Enhancing Motor Cortex Excitability in Mice Through Optogenetic Intermittent Theta Burst Stimulation

Abstract

The motor cortex (MCX) is integral to voluntary movement, sending signals from the brain to spinal motoneurons through the corticospinal tract. Enhancing MCX offers the potential for improving motor function in healthy individuals and aiding recovery post-stroke. Intermittent theta burst stimulation (iTBS) has shown promise in increasing MCX excitability in clinical settings, but its effects are often short-lived and lack spatiotemporal precision. Additionally, the use of invasive tools in animal models to study iTBS presents further challenges to its development. To overcome these limitations, this thesis will use a noninvasive approach that combines transcranial optogenetics with iTBS (opto-iTBS), offering high spatiotemporal precision and aiming to achieve more sustained enhancements in cortical excitability.
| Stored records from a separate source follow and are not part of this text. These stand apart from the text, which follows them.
(* Let $G$ be a graph with $N$ edges having a 3-valent vertex whose incident edges are numbered $1,2,3$. Then the open subscheme $$\mathcal{V}(\Psi^{13,23}_G)\setminus\big(\mathcal{V}(\Psi^{13,23}_G)\cap\mathcal{V}(\Psi^{1,2}_{G,3})\big)\subset\mathbb{P}^{N-4}=\mathbb{P}(\alpha_4:\dots:\alpha_N)$$ is smooth.
   Context: Dodgson polynomials: for a graph $G$ without self-loops, with edges $1,\dots,N$ and variables $\alpha_e$, orient the edges; for edge $e$ and vertex $v$ let $\varepsilon_{e,v}=1$ if $v$ is the source of $e$, $-1$ if the target, $0$ otherwise; let $\mathcal{E}_G$ be obtained from $(\varepsilon_{e,v})$ by deleting one column, $A=\mathrm{diag}(\alpha_1,\dots,\alpha_N)$, $M_G=\begin{pmatrix}A&\mathcal{E}_G\\-\mathcal{E}_G^T&0\end{pmatrix}$ (so $\Psi_G=\det M_G$ is the graph polynomial). For edge sets $I,J,K$ with $|I|=|J|$, $\Psi^{I,J}_{G,K}$ is the determinant of $M_G$ with rows $I$ and columns $J$ removed and $\alpha_e=0$ for $e\in K$ (defined up to sign). Sets are written by concatenating labels: $\Psi^{13,23}_G$ has $I=\{1,3\}$, $J=\{2,3\}$; $\Psi^{1,2}_{G,3}$ has $I=\{1\},J=\{2\},K=\{3\}$. $\mathcal{V}(\cdot)$ denotes the zero locus. *)

theory Defs
  imports "HOL-Library.Poly_Mapping" "Jordan_Normal_Form.Determinant" "Jordan_Normal_Form.DL_Submatrix"
begin

text \<open>Multivariate polynomials in the variables alpha_0, alpha_1, ... with coefficients in 'k,
  represented as finitely supported maps from monomials (exponent vectors) to coefficients.\<close>
type_synonym 'k mpoly = "(nat \<Rightarrow>\<^sub>0 nat) \<Rightarrow>\<^sub>0 'k"
lemma card_fillings_relabel:
  assumes e: "bij_betw e T S" "strict_mono_on T e" and P: "order_invariant_on A P"
  shows "card (fillings A S P) = card (fillings A T P)"
proof -
  let ?e' = "inv_into T e"
  have "bij_betw (relabel e A) (fillings A T P) (fillings A S P)"
  proof (rule bij_betw_byWitness[where f' = "relabel ?e' A"])
    show "\<forall>f\<in>fillings A T P. relabel ?e' A (relabel e A f) = f"
      using e(1) by (auto simp: fillings_def relabel_def fun_eq_iff bij_betw_def
                          intro: inv_into_f_f)
    show "\<forall>f\<in>fillings A S P. relabel e A (relabel ?e' A f) = f"
      using e(1) by (auto simp: fillings_def relabel_def fun_eq_iff bij_betw_def
                          intro!: f_inv_into_f)
    show "relabel e A ` fillings A T P \<subseteq> fillings A S P"
    proof (rule image_subsetI)
      fix f assume f: "f \<in> fillings A T P"
      then have "f ` A \<subseteq> T" "\<forall>x. x \<notin> A \<longrightarrow> f x = 0"
        by (auto simp: fillings_def bij_betw_def)
      then show "relabel e A f \<in> fillings A S P"
        using relabel_mem_fillings_iff[OF e P] f by blast
    qed
    show "relabel ?e' A ` fillings A S P \<subseteq> fillings A T P"
    proof
      fix f assume "f \<in> relabel ?e' A ` fillings A S P"
      then obtain h where h: "h \<in> fillings A S P" "f = relabel ?e' A h" by blast
      have "f ` A \<subseteq> T" "\<forall>x. x \<notin> A \<longrightarrow> f x = 0"
        using h e(1) by (auto simp: fillings_def relabel_def bij_betw_def intro!: inv_into_into)
      moreover have "relabel e A f = h"
        using h e(1) by (auto simp: fillings_def relabel_def fun_eq_iff bij_betw_def
                          intro!: f_inv_into_f)
      ultimately show "f \<in> fillings A T P"
        using relabel_mem_fillings_iff[OF e P] h(1) by blast
    qed
  qed
  then show ?thesis by (simp add: bij_betw_same_card)
qed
We hypothesized that opto-iTBS significantly increases cortical excitability and motor output in naïve mice. Specifically, we designed four noninvasive metrics, including tracking evoked forelimb movement, recording blood flow and epidural EEG signal, and using light-based motor mapping to track changes in the MCX pre- and post-opto-iTBS.
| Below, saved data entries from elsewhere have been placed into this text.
(* There is a constant $C$ such that for every function $\psi$ that is continuously differentiable on the closed half-plane $[0,\infty)\times\mathbb{R}$ with $\psi,\partial_r\psi\in L^2(\mu)$, $$\|\psi\|_{L^2(\rho_* )}\le C\big(\|\psi\|_{L^2(\mu)}+\|\partial_r\psi\|_{L^2(\mu)}\big).$$
   Context: $\mathbb{H}=\{(r,z):r>0,z\in\mathbb{R}\}$. $\rho_*(r,z)=\frac1{16\sqrt\pi}re^{-\frac{r^2+z^2}4}$; $L^2(\rho_* )$ is $L^2$ on $\mathbb{H}$ with respect to the measure $\rho_*\,dr\,dz$, and $L^2(\mu)$ is $L^2$ on $\mathbb{H}$ with respect to $d\mu=r^2\rho_*\,dr\,dz=\frac1{16\sqrt\pi}r^3e^{-\frac{r^2+z^2}4}dr\,dz$. (Equivalently, the left side is $\|r^{-1}\psi\|_{L^2(\mu)}$.) *)

theory Defs
  imports "HOL-Analysis.Analysis"
begin

definition Hplane :: "(real \<times> real) set" where
  "Hplane = {p. fst p > 0}"

definition Hclosed :: "(real \<times> real) set" where
  "Hclosed = {p. fst p \<ge> 0}"

definition rho_star :: "real \<times> real \<Rightarrow> real" where
  "rho_star p = 1 / (16 * sqrt pi) * fst p * exp (- ((fst p)\<^sup>2 + (snd p)\<^sup>2) / 4)"

definition mu_weight :: "real \<times> real \<Rightarrow> real" where
  "mu_weight p = (fst p)\<^sup>2 * rho_star p"

definition memL2 :: "(real \<times> real \<Rightarrow> real) \<Rightarrow> (real \<times> real \<Rightarrow> real) \<Rightarrow> bool" where
  "memL2 w f \<longleftrightarrow> set_integrable lborel Hplane (\<lambda>x. (f x)\<^sup>2 * w x)"

definition L2norm :: "(real \<times> real \<Rightarrow> real) \<Rightarrow> (real \<times> real \<Rightarrow> real) \<Rightarrow> real" where
  "L2norm w f = sqrt (\<integral>x\<in>Hplane. (f x)\<^sup>2 * w x \<partial>lborel)"

end

theory Submission
  imports Defs
begin

(* Fix z. Both weights carry the same Gaussian factor c(z) = exp(-z^2/4) / (16 sqrt pi), so
   it suffices to bound int_0^oo f^2 r e^(-r^2/4) dr, where f = psi(., z). For r >= 2 the
   factor r^2 >= 1 lets the mu-weight dominate. On [0,2] the Gaussian factor lies between
   exp(-1) and 1, and integrating the derivative of f^2 r^2 (2 - r), which vanishes at r = 0
   and r = 2, yields the Hardy-type bound int_0^2 f^2 r <= int_0^2 (8 f_r^2 + 3 f^2) r^3.
   Tonelli integrates the fibrewise bound over z; the constants 3e + 1 and 8e are below 25,
   which gives C = 5. *)

lemma borel_measurable_continuous_on_ennreal_indicator:
  fixes h :: "'a::topological_space \<Rightarrow> real"
  assumes "S \<in> sets borel" "continuous_on S h"
  shows "(\<lambda>x. ennreal (h x) * indicator S x) \<in> borel_measurable borel"
proof -
  have "(\<lambda>x. ennreal (indicator S x *\<^sub>R h x)) \<in> borel_measurable borel"
    using borel_measurable_continuous_on_indicator[OF assms] by measurable
  also have "(\<lambda>x. ennreal (indicator S x *\<^sub>R h x)) = (\<lambda>x. ennreal (h x) * indicator S x)"
    by (auto simp: fun_eq_iff indicator_def)
  finally show ?thesis .
qed

lemma nn_integral_eq_set_integral:
  fixes f :: "'a \<Rightarrow> real"
  assumes "set_integrable M A f" "\<And>x. x \<in> A \<Longrightarrow> 0 \<le> f x"
  shows "(\<integral>\<^sup>+x\<in>A. ennreal (f x) \<partial>M) = ennreal (\<integral>x\<in>A. f x \<partial>M)"
proof -
  have "(\<integral>\<^sup>+x\<in>A. ennreal (f x) \<partial>M) = (\<integral>\<^sup>+x. ennreal (indicator A x *\<^sub>R f x) \<partial>M)"
    by (intro nn_integral_cong) (simp add: indicator_def)
  also have "\<dots> = ennreal (\<integral>x\<in>A. f x \<partial>M)"
    using assms unfolding set_integrable_def set_lebesgue_integral_def
    by (intro nn_integral_eq_integral) (auto simp: indicator_def)
  finally show ?thesis .
qed

lemma set_integrableI_nn_integral_finite:
  fixes f :: "'a \<Rightarrow> real"
  assumes "set_borel_measurable M A f" "\<And>x. x \<in> A \<Longrightarrow> 0 \<le> f x"
    and "(\<integral>\<^sup>+x\<in>A. ennreal (f x) \<partial>M) < \<infinity>"
  shows "set_integrable M A f"
  unfolding set_integrable_def
proof (rule integrableI_nonneg)
  show "(\<lambda>x. indicator A x *\<^sub>R f x) \<in> borel_measurable M"
    using assms(1) by (simp add: set_borel_measurable_def)
  show "AE x in M. 0 \<le> indicator A x *\<^sub>R f x"
    using assms(2) by (simp add: indicator_def)
  have "(\<integral>\<^sup>+x. ennreal (indicator A x *\<^sub>R f x) \<partial>M) = (\<integral>\<^sup>+x\<in>A. ennreal (f x) \<partial>M)"
    by (intro nn_integral_cong) (simp add: indicator_def)
  with assms(3) show "(\<integral>\<^sup>+x. ennreal (indicator A x *\<^sub>R f x) \<partial>M) < \<infinity>"
    by simp
qed

lemma nn_integral_lborel_pair:
  fixes F :: "real \<times> real \<Rightarrow> ennreal"
  assumes "F \<in> borel_measurable borel"
  shows "(\<integral>\<^sup>+p. F p \<partial>lborel) = (\<integral>\<^sup>+z. (\<integral>\<^sup>+r. F (r, z) \<partial>lborel) \<partial>lborel)"
  using lborel_pair.nn_integral_snd[of F] assms by (simp add: lborel_prod)

section \<open>A Hardy inequality with Gaussian weight on the half-line\<close>

lemma hardy_pointwise_bound:
  fixes x y r :: real
  assumes "0 \<le> r"
  shows "x\<^sup>2 * r \<le> (2 * x * y * (r\<^sup>2 * (2 - r)) + x\<^sup>2 * (4 * r - 3 * r\<^sup>2)) + (8 * y\<^sup>2 + 3 * x\<^sup>2) * r ^ 3"
proof -
  have "0 \<le> 20 - 20 * r + 23 * r\<^sup>2"
    using zero_le_power2[of "23 * r - 10"] by (simp add: power2_eq_square algebra_simps)
  then have "0 \<le> r * ((8 * y * r + (2 - r) * x)\<^sup>2 + (20 - 20 * r + 23 * r\<^sup>2) * x\<^sup>2)"
    using assms by simp
  also have "\<dots> = 8 * ((2 * x * y * (r\<^sup>2 * (2 - r)) + x\<^sup>2 * (4 * r - 3 * r\<^sup>2))
      + (8 * y\<^sup>2 + 3 * x\<^sup>2) * r ^ 3 - x\<^sup>2 * r)"
    by (simp add: algebra_simps power2_eq_square power3_eq_cube)
  finally show ?thesis by simp
qed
We established an iTBS protocol in mice using transcranial optogenetic stimulation. Using blue light stimulation in ketamine/xylazine anesthetized Thy1-ChR2 mice, we measured the time course of enhanced cortical excitability based on the amplitude of evoked forelimb movements and EEG recordings from the MCX. Stimulation was performed through a transcranial chronic window that provides optical access to the MCX in both hemispheres, thus allowing repeated assessments of iTBS effects. Laser Doppler imaging recorded blue light-evoked hemodynamic changes in the MCX during iTBS. Epidural EEG electrodes collected blue light evoked signals from around the stimulation region.
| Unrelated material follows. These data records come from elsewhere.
lemma rank_adj_plus_id_add_rank_complement_ge:
  fixes E :: "'n::finite \<Rightarrow> 'n \<Rightarrow> bool"
  assumes E: "simple_graph E" and "\<not> is_complete E" and "\<not> is_edgeless E"
  shows "CARD('n) + 2 \<le>
    rank (adj_matrix E + mat 1) + rank (adj_matrix (complement_graph E) + mat 1)"
proof -
  let ?X = "adj_matrix E + mat 1" and ?Y = "adj_matrix (complement_graph E) + mat 1"
  note E' = simple_graph_complement[OF E]
  note sym = transpose_adj_matrix_plus_id[OF E] transpose_adj_matrix_plus_id[OF E']
  have inv: "(?X + ?Y) ** id_plus_ones_inv = mat 1" "id_plus_ones_inv ** (?X + ?Y) = mat 1"
    "(?Y + ?X) ** id_plus_ones_inv = mat 1" "id_plus_ones_inv ** (?Y + ?X) = mat 1"
    using id_plus_ones_inv_inverse
    by (simp_all add: adj_matrix_plus_id_add_complement[OF E] add.commute[of ?Y])
  note rank_add_rank = rank_add_rank_ge_card_plus_2[OF _ _ transpose_id_plus_ones_inv _ _
      id_plus_ones_inv_psd]
  consider "\<not> cluster_graph (complement_graph E)" | "\<not> cluster_graph E"
    using not_cluster_graph_complement assms by blast
  then show ?thesis
  proof cases
    case 1
    obtain w where "w \<bullet> (?Y *v w) < 0" using not_cluster_graph_negative_form[OF E' 1] by blast
    with adj_matrix_plus_id_test_vector[OF E] show ?thesis
      using rank_add_rank[OF sym inv(1,2)] by blast
  next
    case 2
    obtain w where "w \<bullet> (?X *v w) < 0" using not_cluster_graph_negative_form[OF E 2] by blast
    with adj_matrix_plus_id_test_vector[OF E'] have "CARD('n) + 2 \<le> rank ?Y + rank ?X"
      using rank_add_rank[OF sym(2,1) inv(3,4)] by blast
    then show ?thesis by simp
  qed
qed

lemma rank_adj_plus_id_ge_3:
  fixes F :: "'n::finite \<Rightarrow> 'n \<Rightarrow> bool"
  assumes F: "simple_graph F" and "i \<noteq> j" "j \<noteq> k" "i \<noteq> k" "\<not> F i k" "F i j = F j k"
  shows "3 \<le> rank (adj_matrix F + mat 1)"
proof -
  \<comment> \<open>The principal minor on i, j, k is 1 - [F i j] - [F j k].\<close>
  let ?T = "vector [axis i 1, axis j 1, axis k 1] :: real^'n^3"
  have "F j i = F i j" "F k j = F j k" "\<not> F k i" using F assms by (auto simp: simple_graph_def)
  then have "det (\<chi> a b. ?T $ a \<bullet> ((adj_matrix F + mat 1) *v ?T $ b)) \<noteq> 0"
    using assms unfolding det_3 vec_lambda_beta vector_3 inner_axis_matrix_axis
      adj_matrix_plus_id_entry[OF F]
    by auto
  then show ?thesis using rank_ge_of_det_minor by fastforce
qed

lemma two_cliques_of_alternating:
  assumes sym: "\<And>u v. F u v \<Longrightarrow> F v u" and irrefl: "\<And>u. \<not> F u u"
    and alternate: "\<And>u v w. u \<noteq> v \<Longrightarrow> v \<noteq> w \<Longrightarrow> u \<noteq> w \<Longrightarrow> \<not> F u w \<Longrightarrow> F u v \<longleftrightarrow> \<not> F v w"
    and ab: "a \<noteq> b" "\<not> F a b"
  shows "\<exists>S. a \<in> S \<and> b \<notin> S \<and> (\<forall>u v. F u v \<longleftrightarrow> u \<noteq> v \<and> (u \<in> S \<longleftrightarrow> v \<in> S))"
proof -
  have trans: "F u w" if "F u v" "F v w" "u \<noteq> w" for u v w
    using alternate[of u v w] that irrefl by auto
  have same_clique: "F x y" if "x = c \<or> F c x" "y = c \<or> F c y" "x \<noteq> y" for c x y
    using that trans[of x c y] sym[of c x] by auto
  have cover: "F b u" if "u \<noteq> a" "\<not> F a u" "u \<noteq> b" for u
    using alternate[of a u b] ab that sym[of u b] by auto
  define S where "S = {u. u = a \<or> F a u}"
  have closed: "v \<in> S" if "F u v" "u \<in> S" for u v
    using that trans[of a u v] unfolding S_def by auto
  have cliques: "F u v \<longleftrightarrow> u \<noteq> v \<and> (u \<in> S \<longleftrightarrow> v \<in> S)" for u v
  proof
    assume "F u v"
    then show "u \<noteq> v \<and> (u \<in> S \<longleftrightarrow> v \<in> S)"
      using closed[of u v] closed[of v u] sym[of u v] irrefl[of u] by blast
  next
    assume uv: "u \<noteq> v \<and> (u \<in> S \<longleftrightarrow> v \<in> S)"
    show "F u v"
    proof (cases "u \<in> S")
      case True
      then have "u = a \<or> F a u" "v = a \<or> F a v" using uv by (simp_all add: S_def)
      then show ?thesis using uv same_clique[where c = a and x = u and y = v] by blast
    next
      case False
      then have "u = b \<or> F b u" "v = b \<or> F b v"
        using uv cover[of u] cover[of v] by (auto simp: S_def)
      then show ?thesis using uv same_clique[where c = b and x = u and y = v] by blast
    qed
  qed
  moreover have "a \<in> S" "b \<notin> S" using ab by (simp_all add: S_def)
  ultimately show ?thesis by blast
qed

lemma rank_adj_plus_id_le_2_of_two_cliques:
  fixes F :: "'n::finite \<Rightarrow> 'n \<Rightarrow> bool"
  assumes cliques: "\<And>u v. F u v \<longleftrightarrow> u \<noteq> v \<and> (u \<in> S \<longleftrightarrow> v \<in> S)"
  shows "rank (adj_matrix F + mat 1) \<le> 2"
proof -
  define e1 :: "real^'n" where "e1 = (\<chi> i. if i \<in> S then 1 else 0)"
  define e2 :: "real^'n" where "e2 = (\<chi> i. if i \<in> S then 0 else 1)"
  have entry: "(adj_matrix F + mat 1) $ i $ j = e1 $ i * e1 $ j + e2 $ i * e2 $ j" for i j
    by (simp add: adj_matrix_def mat_def cliques e1_def e2_def)
  have "(adj_matrix F + mat 1) *v z = (e1 \<bullet> z) *\<^sub>R e1 + (e2 \<bullet> z) *\<^sub>R e2" for z
    unfolding vec_eq_iff matrix_vector_mult_def vec_lambda_beta entry
    by (simp add: inner_vec_def sum.distrib sum_distrib_left algebra_simps)
  then have "range ((*v) (adj_matrix F + mat 1)) \<subseteq> span {e1, e2}"
    by (auto intro!: span_add span_scale simp: span_base)
  then have "rank (adj_matrix F + mat 1) \<le> card {e1, e2}"
    unfolding rank_dim_range by (rule dim_le_card) simp
  also have "\<dots> \<le> 2" by (simp add: card_insert_le_m1)
  finally show ?thesis .
qed

lemma iso_complete_bipartite_of_cut:
  fixes G :: "'n::finite \<Rightarrow> 'n \<Rightarrow> bool"
  assumes cut: "\<And>u v. G u v \<longleftrightarrow> (u \<in> S) \<noteq> (v \<in> S)" and "a \<in> S" "b \<notin> S"
  shows "\<exists>k. 1 \<le> k \<and> k \<le> CARD('n) div 2 \<and> iso_complete_bipartite G k"
proof -
  have "1 \<le> card S" "1 \<le> card (- S)"
    using assms(2,3) by (auto simp: Suc_le_eq card_gt_0_iff)
  moreover have "card S + card (- S) = CARD('n)"
    by (simp add: Compl_eq_Diff_UNIV card_Diff_subset card_mono)
  moreover have "iso_complete_bipartite G (card S)" "iso_complete_bipartite G (card (- S))"
    using cut unfolding iso_complete_bipartite_def by auto
  ultimately show ?thesis
  proof (cases "card S \<le> CARD('n) div 2")
    case False
    with \<open>card S + card (- S) = CARD('n)\<close> have "card (- S) \<le> CARD('n) div 2" by linarith
    with \<open>1 \<le> card (- S)\<close> \<open>iso_complete_bipartite G (card (- S))\<close> show ?thesis by blast
  qed blast
qed

lemma rank_adj_plus_id_le_2_iff:
  fixes F :: "'n::finite \<Rightarrow> 'n \<Rightarrow> bool"
  assumes F: "simple_graph F" and "\<not> is_complete F"
  shows "rank (adj_matrix F + mat 1) \<le> 2 \<longleftrightarrow>
    (\<exists>k. 1 \<le> k \<and> k \<le> CARD('n) div 2 \<and> iso_complete_bipartite (complement_graph F) k)"
proof
  assume rank: "rank (adj_matrix F + mat 1) \<le> 2"
  obtain a b where ab: "a \<noteq> b" "\<not> F a b" using assms(2) by (auto simp: is_complete_def)
  have alternate: "F u v \<longleftrightarrow> \<not> F v w" if "u \<noteq> v" "v \<noteq> w" "u \<noteq> w" "\<not> F u w" for u v w
    using rank_adj_plus_id_ge_3[OF F that] rank by linarith
  obtain S where S: "a \<in> S" "b \<notin> S" "\<forall>u v. F u v \<longleftrightarrow> u \<noteq> v \<and> (u \<in> S \<longleftrightarrow> v \<in> S)"
    using two_cliques_of_alternating[OF _ _ alternate ab] F unfolding simple_graph_def by blast
  then have "complement_graph F u v \<longleftrightarrow> (u \<in> S) \<noteq> (v \<in> S)" for u v
    by (auto simp: complement_graph_def)
  then show "\<exists>k. 1 \<le> k \<and> k \<le> CARD('n) div 2 \<and> iso_complete_bipartite (complement_graph F) k"
    using iso_complete_bipartite_of_cut S(1,2) by blast
next
  assume "\<exists>k. 1 \<le> k \<and> k \<le> CARD('n) div 2 \<and> iso_complete_bipartite (complement_graph F) k"
  then obtain S where "\<And>u v. complement_graph F u v \<longleftrightarrow> (u \<in> S) \<noteq> (v \<in> S)"
    by (auto simp: iso_complete_bipartite_def)
  then have "F u v \<longleftrightarrow> u \<noteq> v \<and> (u \<in> S \<longleftrightarrow> v \<in> S)" for u v
    using F by (auto simp: complement_graph_def simple_graph_def)
  then show "rank (adj_matrix F + mat 1) \<le> 2" by (rule rank_adj_plus_id_le_2_of_two_cliques)
qed

lemma mult_ge_double_of_add_ge:
  fixes r t n :: nat
  assumes "n + 2 \<le> r + t" "r \<le> n" "t \<le> n"
  shows "2 * n \<le> r * t" and "r * t = 2 * n \<longleftrightarrow> r \<le> 2 \<or> t \<le> 2"
proof -
  define r' t' where "r' = r - 2" and "t' = t - 2"
  have r: "r = r' + 2" and t: "t = t' + 2" unfolding r'_def t'_def using assms by linarith+
  have key: "2 * n + r' * t' \<le> r * t" using assms(1) by (simp add: r t algebra_simps)
  then show "2 * n \<le> r * t" by simp
  show "r * t = 2 * n \<longleftrightarrow> r \<le> 2 \<or> t \<le> 2"
  proof
    assume "r * t = 2 * n"
    then have "r' * t' = 0" using key by simp
    then show "r \<le> 2 \<or> t \<le> 2" by (simp add: r t)
  next
    assume "r \<le> 2 \<or> t \<le> 2"
    then have "r = 2 \<and> t = n \<or> t = 2 \<and> r = n" using assms r t by linarith
    then show "r * t = 2 * n" by auto
  qed
qed

theorem theorem4p2:
  fixes E :: "'n::finite \<Rightarrow> 'n \<Rightarrow> bool"
  assumes "simple_graph E"
    and "\<not> is_complete E"
    and "\<not> is_edgeless E"
  shows "rank (adj_matrix E + mat 1) * rank (adj_matrix (complement_graph E) + mat 1)
           \<ge> 2 * CARD('n) \<and>
         (rank (adj_matrix E + mat 1) * rank (adj_matrix (complement_graph E) + mat 1)
           = 2 * CARD('n) \<longleftrightarrow>
         (\<exists>a::nat. 1 \<le> a \<and> a \<le> CARD('n) div 2 \<and>
            (iso_complete_bipartite E a \<or> iso_complete_bipartite (complement_graph E) a)))"
proof -
  let ?r = "rank (adj_matrix E + mat 1)" and ?t = "rank (adj_matrix (complement_graph E) + mat 1)"
  have bounds: "CARD('n) + 2 \<le> ?r + ?t" "?r \<le> CARD('n)" "?t \<le> CARD('n)"
    using rank_adj_plus_id_add_rank_complement_ge[OF assms] rank_bound by (blast, fastforce+)
  have "?r \<le> 2 \<longleftrightarrow>
      (\<exists>a. 1 \<le> a \<and> a \<le> CARD('n) div 2 \<and> iso_complete_bipartite (complement_graph E) a)"
    by (rule rank_adj_plus_id_le_2_iff[OF assms(1,2)])
  moreover have "?t \<le> 2 \<longleftrightarrow> (\<exists>a. 1 \<le> a \<and> a \<le> CARD('n) div 2 \<and> iso_complete_bipartite E a)"
    using rank_adj_plus_id_le_2_iff[OF simple_graph_complement not_complete_complement_graph]
      complement_complement_graph assms by metis
  ultimately show ?thesis using mult_ge_double_of_add_ge[OF bounds] by blast
qed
Our findings demonstrate that opto-iTBS significantly increases the optogenetically evoked contralateral forelimb movement amplitude for at least 85 minutes post-stimulation and expands the size and activation threshold of the motor map for a minimum of 10 minutes. Additionally, a significant increase in blood flow at the stimulation site in the MCX was observed during opto-iTBS induction.

Our noninvasive optogenetic stimulation approach enables longitudinal experiments that allow multi-target assessment, control of stimulation parameters, and within-subject measures of treatment effects. By elucidating optimal parameters and targets for iTBS, this research may identify therapeutic interventions to improve function following MCX stroke.